BAB I PENDAHULUAN 1.1 Latar Belakang - Terjemahan Istilah Budaya Dalam Novel Negeri 5 Menara Ke Dalam Bahasa Inggris The Land Of Five Towers

BAB I PENDAHULUAN

1.1 Latar Belakang

  Pada era kemajuan teknologi dewasa ini semakin banyak terjemahan bahasa dari tingkat kata, frasa hingga teks untuk menyampaikan makna teks bahasa sumber (TSu) ke dalam teks bahasa sasaran (TSa). Hal ini tidak menutup kemungkinan bahwa bahasa seakan-akan tidak ada batasan bagi siapapun, mengingat bahasa merupakan unsur penting bagi kehidupan manusia dalam berkomunikasi. Para pakar bahasa menyatakan bahwa setiap bahasa mempunyai sistem sendiri, Nababan (2003:54) menyatakan:

  Sistem dalam setiap bahasa adalah polisistemik karena setiap bahasa mempunyai struktur sintaksis, sintagmatik, leksikal, dan morfem yang berbeda dari sistem bahasa lainnya. Perbedaan-perbedaan dalam hal sistem bahasa itulah yang menyebabkan timbulnya kesulitan-kesulitan dalam pengajaran bahasa, terutama bahasa asing dan dalam penerjemahan.

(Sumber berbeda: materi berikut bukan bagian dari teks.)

subsection \<open>Simulation of runs\<close>

lemma init_phase: "(sim_step^^(length w + 3)) (Start, [], None, w) = repr (init E, [], None, w) 1 0"
proof -
  have s1: "(sim_step^^1) (Start, [], None, w) = (Scan_Input, [pad], hd_opt (w @ []), tl (w @ []))"
    using tm_step_R[of sim_delta Start None Scan_Input pad] by (simp add: sim_delta_def)
  have s2: "(sim_step^^length w) (Scan_Input, [pad], hd_opt (w @ []), tl (w @ [])) = (Scan_Input, [pad] @ w, None, [])"
    using scan_input_sweep[of w "[pad]" "[]"] by (simp add: hd_opt_def)
  have s3: "(sim_step^^1) (Scan_Input, [pad] @ w, None, []) = (Open_Head, [pad] @ w @ [sep], None, [])"
    using tm_step_R[of sim_delta Scan_Input None Open_Head sep] by (simp add: sim_delta_def hd_opt_def)
  have s4: "(sim_step^^1) (Open_Head, [pad] @ w @ [sep], None, []) = repr (init E, [], None, w) (Suc 0) 0"
    using tm_step_S[of sim_delta Open_Head None "Sim (init E)" blank] by (simp add: sim_delta_def repr_def encode_sym_def)
  have "1 + length w + 1 + 1 = length w + 3" by simp
  then show ?thesis using funpow_chain[OF funpow_chain[OF funpow_chain[OF s1 s2] s3] s4] by (metis One_nat_def)
qed

definition time_bound :: "nat \<Rightarrow> nat \<Rightarrow> nat" where
  "time_bound n k = n + 3 + k * (2 * (n + 1 + k * (msize E + 2)) + 3 * msize E + 12)"

lemma time_bound_Suc:
  "time_bound n k + (2 * (n + 1 + k * (msize E + 2)) + 3 * msize E + 12) \<le> time_bound n (Suc k)"
  by (simp add: time_bound_def algebra_simps)

lemma time_bound_mono: "k \<le> k' \<Longrightarrow> time_bound n k \<le> time_bound n k'"
  unfolding time_bound_def by (intro add_mono mult_le_mono) auto

lemma run_simulated:
  assumes w: "w \<in> lists (alph E)" and running: "\<forall>j<k. fst (run E w j) \<noteq> halt E"
  shows "\<exists>t i j. k \<le> t \<and> t \<le> time_bound (length w) k \<and> (sim_step^^t) (Start, [], None, w) = repr (run E w k) i j
     \<and> repr_size (run E w k) i j \<le> length w + 1 + k * (msize E + 2)"
  using running
proof (induction k)
  case 0
  show ?case
    using init_phase by (intro exI[of _ "length w + 3"] exI[of _ 1] exI[of _ 0]) (auto simp: run_def repr_size_def time_bound_def)
next
  case (Suc k)
  then obtain t i j where t: "k \<le> t" "t \<le> time_bound (length w) k"
    and reached: "(sim_step^^t) (Start, [], None, w) = repr (run E w k) i j"
    and size: "repr_size (run E w k) i j \<le> length w + 1 + k * (msize E + 2)" by auto
  obtain q \<alpha> b \<gamma> where c: "run E w k = (q, \<alpha>, b, \<gamma>)" by (cases "run E w k") auto
  have v: "valid_config (q, \<alpha>, b, \<gamma>)" using valid_config_run[OF w, of k] c by simp
  have "q \<noteq> halt E" using Suc.prems c by (metis fst_conv lessI)
  then have "step_simulated (q, \<alpha>, b, \<gamma>) i j" using step_simulated v by blast
  then obtain n i' j' where n: "0 < n" "n \<le> 2 * repr_size (q, \<alpha>, b, \<gamma>) i j + 3 * length (written q b) + 12"
    and step: "(sim_step^^n) (repr (q, \<alpha>, b, \<gamma>) i j) = repr (step E (q, \<alpha>, b, \<gamma>)) i' j'"
    and size': "repr_size (step E (q, \<alpha>, b, \<gamma>)) i' j' \<le> repr_size (q, \<alpha>, b, \<gamma>) i j + length (written q b) + 2"
    unfolding step_simulated_def by auto
  have "length (written q b) \<le> msize E" using length_written_le v by (simp add: valid_config_def)
  moreover have "run E w (Suc k) = step E (q, \<alpha>, b, \<gamma>)" using c by (simp add: run_def)
  moreover have "(sim_step^^(t + n)) (Start, [], None, w) = repr (step E (q, \<alpha>, b, \<gamma>)) i' j'"
    using funpow_chain[OF reached[unfolded c] step] .
  ultimately show ?case using t n size size' c time_bound_Suc[of "length w" k]
    by (intro exI[of _ "t + n"] exI conjI) auto
qed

  Ini berarti bahwa perbedaan sistem bahasa ini merupakan salah satu faktor yang menimbulkan kesulitan bagi seorang penerjemah untuk mencari makna suatu kata, frasa hingga teks karena perbedaan struktur sintaksis, sintagmatik, leksikal dan morfem. Dalam novel Negeri 5 Menara dan terjemahannya The Land

  

of Five Towers terdapat banyak istilah budaya yang memerlukan kehatian-hatian

  penerjemah dalam menerjemahkan istilah budaya untuk mencari padanan BSu ke dalam BSa. Sebagai salah satu karya sastra, novel menceritakan kehidupan seseorang yang tidak terlepas dari kehidupan budaya. Hal ini menunjukkan bahwa budaya merupakan ungkapan khas yang dimiliki oleh suatu masyarakat dan tidak dimiliki oleh masyarakat lainnya. Newmark (1988:82) menyatakan bahwa dalam

  1 novel, karangan dan iklan biasanya kata-kata atau istilah budaya ditransfer ke dalam BSa untuk memberikan warna lokal BSu, sehingga menarik perhatian pembaca dan memberikan rasa kedekatan antara teks dan pembaca, terkadang bunyi atau gambar yang muncul menampilkan daya tarik. Oleh karena itu, seorang penerjemah dalam menerjemahkan novel memerlukan pemahaman budaya yang baik antara BSu dan BSa, sehingga pesan yang ada dalam BSu dapat tersampaikan dalam BSa. Sebagai contoh terjemahan istilah budaya dalam novel ini adalah bunyi talempong (N5M, 2009:17) diterjemahkan menjadi the sound of traditional Minang music . (TLOFT, 2011:17) Terjemahan istilah ini diterjemahkan ke dalam BSa dengan cara generalisasi. Namun, jenis musik tradisional Minangkabau bukan hanya talempong, sehingga seharusnya istilah bunyi talempong diterjemahkan ke dalam BSa seperti BSunya atau melakukan peminjaman dan mendeskripsikannya ke dalam BSa agar makna dari BSu tetap tersampaikan. Seperti yang dikatakan oleh Nababan (2003:47) bahwa masalah makna merupakan bagian yang tidak terpisahkan dari bidang penerjemahan karena tujuan penerjemahan erat kaitannya dengan masalah pengalihan makna yang terkandung dalam suatu bahasa ke dalam bahasa lain; tidak jarang juga makna suatu kata sangat ditentukan oleh situasi pemakaiannya dan budaya penutur suatu bahasa.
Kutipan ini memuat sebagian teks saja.